Traduction du finnois par Claire Saint-Germain – Les Argonautes Éditeur
Jeune prodige de la littérature (son éditrice lui prédit un prix Nobel), Pajtim Statovci est né au Kosovo mais, vivant en Finlande depuis son plus jeune âge, c’est en finnois qu’il écrit. Son 3e roman, Bolla, se déroule principalement au Kosovo, au début puis à la fin de la guerre en ex-Yougoslavie.
Arsim, le narrateur, rencontre Miloš en terrasse d’un café. C’est d’emblée l’amour fou et j’ai été impressionnée par le talent de Pajtim Statovci pour décrire la beauté, l’évidence et la violence du coup de foudre.

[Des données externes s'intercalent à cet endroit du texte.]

(* Let $N\ge3$. For any $a\in\mathbb{R}^N$, $r>0$ and $u\in\mathcal{D}^{1,2}(\mathbb{R}^N)$, $$\lim_{y\to a}\int_{B(y,r)}\frac{u^2(x)}{|x-y|^2}dx=\int_{B(a,r)}\frac{u^2(x)}{|x-a|^2}dx.$$
   Context: $\mathcal{D}^{1,2}(\mathbb{R}^N)$ is the completion of $C_c^\infty(\mathbb{R}^N)$ with respect to the norm $(\int_{\mathbb{R}^N}|\nabla u|^2dx)^{1/2}$; $B(a,r)$ is the open ball of center $a$ and radius $r$. *)

theory Defs
  imports "HOL-Analysis.Analysis"
begin

fun Ck :: "nat \<Rightarrow> ('a::euclidean_space \<Rightarrow> real) \<Rightarrow> bool" where
  "Ck 0 f = continuous_on UNIV f"
| "Ck (Suc k) f = (\<exists>f'. (\<forall>x. (f has_derivative f' x) (at x)) \<and> (\<forall>v. Ck k (\<lambda>x. f' x v)))"

definition smooth :: "('a::euclidean_space \<Rightarrow> real) \<Rightarrow> bool" where
  "smooth f \<longleftrightarrow> (\<forall>k. Ck k f)"

definition Cc_inf :: "('a::euclidean_space \<Rightarrow> real) set" where
  "Cc_inf = {f. smooth f \<and> compact (closure {x. f x \<noteq> 0})}"

definition dirichlet :: "('a::euclidean_space \<Rightarrow> real) \<Rightarrow> real" where
  "dirichlet f = (\<integral>x. (\<Sum>b\<in>Basis. (frechet_derivative f (at x) b)^2) \<partial>lebesgue)"

text \<open>D^{1,2}(R^N), N \<ge> 3: the completion of C_c^\<infinity> w.r.t. the norm (\<integral>|\<nabla>u|^2)^(1/2),
  realised (as usual, via the Sobolev inequality) as the measurable functions u that are
  L^{2^*}-limits (2^* = 2N/(N-2)) of sequences in C_c^\<infinity> which are Cauchy in the
  gradient norm.\<close>
definition D12 :: "('a::euclidean_space \<Rightarrow> real) set" where
  "D12 = {u. u \<in> borel_measurable lebesgue \<and>
     (\<exists>\<phi>::nat \<Rightarrow> 'a \<Rightarrow> real. (\<forall>n. \<phi> n \<in> Cc_inf) \<and>
        (\<forall>e>0. \<exists>M. \<forall>m\<ge>M. \<forall>n\<ge>M. dirichlet (\<lambda>x. \<phi> m x - \<phi> n x) < e) \<and>
        ((\<lambda>n. \<integral>\<^sup>+ x. ennreal (\<bar>\<phi> n x - u x\<bar> powr (2 * real DIM('a) / (real DIM('a) - 2))) \<partial>lebesgue)
           \<longlonglongrightarrow> 0))}"

end

theory Submission
  imports Defs
begin

(* The weight |x - y|^-2 is controlled by Hardy's inequality
     \<integral> \<psi>^2/|x - y|^2 \<le> (2/(N - 2))^2 \<integral> |\<nabla>\<psi>|^2,
   uniformly in the centre y. For compactly supported C^1 functions \<psi> and |x - y|^2 + \<epsilon> in
   place of |x - y|^2 it follows by integrating a pointwise lower bound for the divergence of
   the field \<psi>^2 (x - y)/(|x - y|^2 + \<epsilon>), whose integral vanishes. Fatou's lemma removes \<epsilon>
   and passes to the limit u of test functions \<phi>_m defining u in D^{1,2}, so that
   \<integral> (u - \<phi>_m)^2/|x - y|^2 \<rightarrow> 0 uniformly in y. For a bounded continuous \<phi>_m the integral
   over B(y, r) is continuous in y: translated to B(0, r) this is dominated convergence, since
   |z|^-2 is integrable near 0 when N \<ge> 3. Hence y \<mapsto> \<integral>_{B(y,r)} u^2/|x - y|^2 is a uniform
   limit of continuous functions. *)

lemma integral_lborel_translate:
  fixes f :: "'a::euclidean_space \<Rightarrow> real"
  assumes "f \<in> borel_measurable borel"
  shows "(\<integral>x. f (c + x) \<partial>lborel) = (\<integral>x. f x \<partial>lborel)"
proof -
  have "(\<integral>x. f (c + x) \<partial>lborel) = (\<integral>x. f x \<partial>distr lborel borel ((+) c))"
    using assms by (intro integral_distr[symmetric]) auto
  then show ?thesis by (simp add: lborel_distr_plus)
qed

lemma integrable_lborel_translate_iff:
  fixes f :: "'a::euclidean_space \<Rightarrow> real"
  assumes "f \<in> borel_measurable borel"
  shows "integrable lborel (\<lambda>x. f (c + x)) \<longleftrightarrow> integrable lborel f"
proof -
  have "integrable lborel (\<lambda>x. f (c + x)) \<longleftrightarrow> integrable (distr lborel borel ((+) c)) f"
    using assms by (intro integrable_distr_eq[symmetric]) auto
  then show ?thesis by (simp add: lborel_distr_plus)
qed

lemma indicator_ball_translate:
  fixes y z :: "'a::real_normed_vector"
  shows "indicator (ball y r) (y + z) = indicator (ball 0 r) z"
  by (simp add: indicator_def dist_norm)

lemma
  fixes g :: "'a::euclidean_space \<Rightarrow> real"
  assumes [measurable]: "g \<in> borel_measurable borel"
  shows set_integrable_ball_translate_iff:
      "set_integrable lebesgue (ball y r) g \<longleftrightarrow> set_integrable lborel (ball 0 r) (\<lambda>z. g (y + z))"
    and set_integral_ball_translate:
      "(\<integral>x\<in>ball y r. g x \<partial>lebesgue) = (\<integral>z\<in>ball 0 r. g (y + z) \<partial>lborel)"
proof -
  have [measurable]: "ball y r \<in> sets borel"
    by simp
  have [measurable]: "(\<lambda>x. indicator (ball y r) x *\<^sub>R g x) \<in> borel_measurable borel"
    by measurable
  show "set_integrable lebesgue (ball y r) g \<longleftrightarrow> set_integrable lborel (ball 0 r) (\<lambda>z. g (y + z))"
    unfolding set_integrable_def
    by (simp add: integrable_completion integrable_lborel_translate_iff[symmetric, where c = y]
        indicator_ball_translate)
  show "(\<integral>x\<in>ball y r. g x \<partial>lebesgue) = (\<integral>z\<in>ball 0 r. g (y + z) \<partial>lborel)"
    unfolding set_lebesgue_integral_def
    by (simp add: integral_completion integral_lborel_translate[symmetric, where c = y]
        indicator_ball_translate)
qed

lemma borel_measurable_lebesgue_ident:
  "(\<lambda>x. x) \<in> borel_measurable (lebesgue :: 'a::euclidean_space measure)"
  by (rule measurable_completion) simp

« Car, au moment où il me demande enfin si j’aurais le temps de le revoir la semaine prochaine, au même café aux alentours de midi, avant de laisser son visage glisser sur la courbe d’un sourire qu’il tente aussitôt de contenir, tel un accès de rire inconvenant, un sourire auquel je réponds du mien en lui disant on se revoit la semaine prochaine, au même café, je sens ma vie se diviser en deux, vie d’avant lui et d’après, et combien celle que j’ai vécue jusqu’ici se réduit soudain à un détail insignifiant de ma vie nouvelle, se fait oublier tel un petit mensonge inventé dans l’urgence. »
Débute donc entre ces deux étudiants une histoire d’amour passionnée et clandestine : Arsim est marié, l’homosexualité n’est pas admise socialement, Miloš est serbe tandis qu’Arsim est albanais. Rapidement, les tensions et persécutions contre les Albanais s’intensifient à Pristina, poussant Arsim et sa famille à fuir le pays. Arsim doit donc quitter Miloš du jour au lendemain, un déchirement pour les deux hommes. Des années plus tard, Arsim revient au Kosovo et cherche Miloš, persuadé que renouer leur relation lui permettra de se retrouver lui-même.
Si la passion entre Arsim et Miloš est inconditionnelle et auréolée de pureté, chacun de ces deux hommes recèle une part très sombre et violente qui détruira tout sur son passage, à l’image de la guerre qui ravage le pays.
Indéniablement, Pajtim Statovci est immensément talentueux. Sa plume singulière est splendide et ses personnages sont complexes, ambivalents. Néanmoins, le parallèle entre leur histoire et la légende du Bolla (très intéressante au demeurant) m’a quelque peu échappé et, surtout, le côté antihéros d’Arsim et Miloš a créé une distance qui m’a empêché d’adhérer pleinement à ce roman (il est possible que j’ai un problème avec les antihéros et mon avis est bien entendu éminemment subjectif ;-D). Bref, un auteur à suivre et un roman puissant, mais qui peut être déroutant.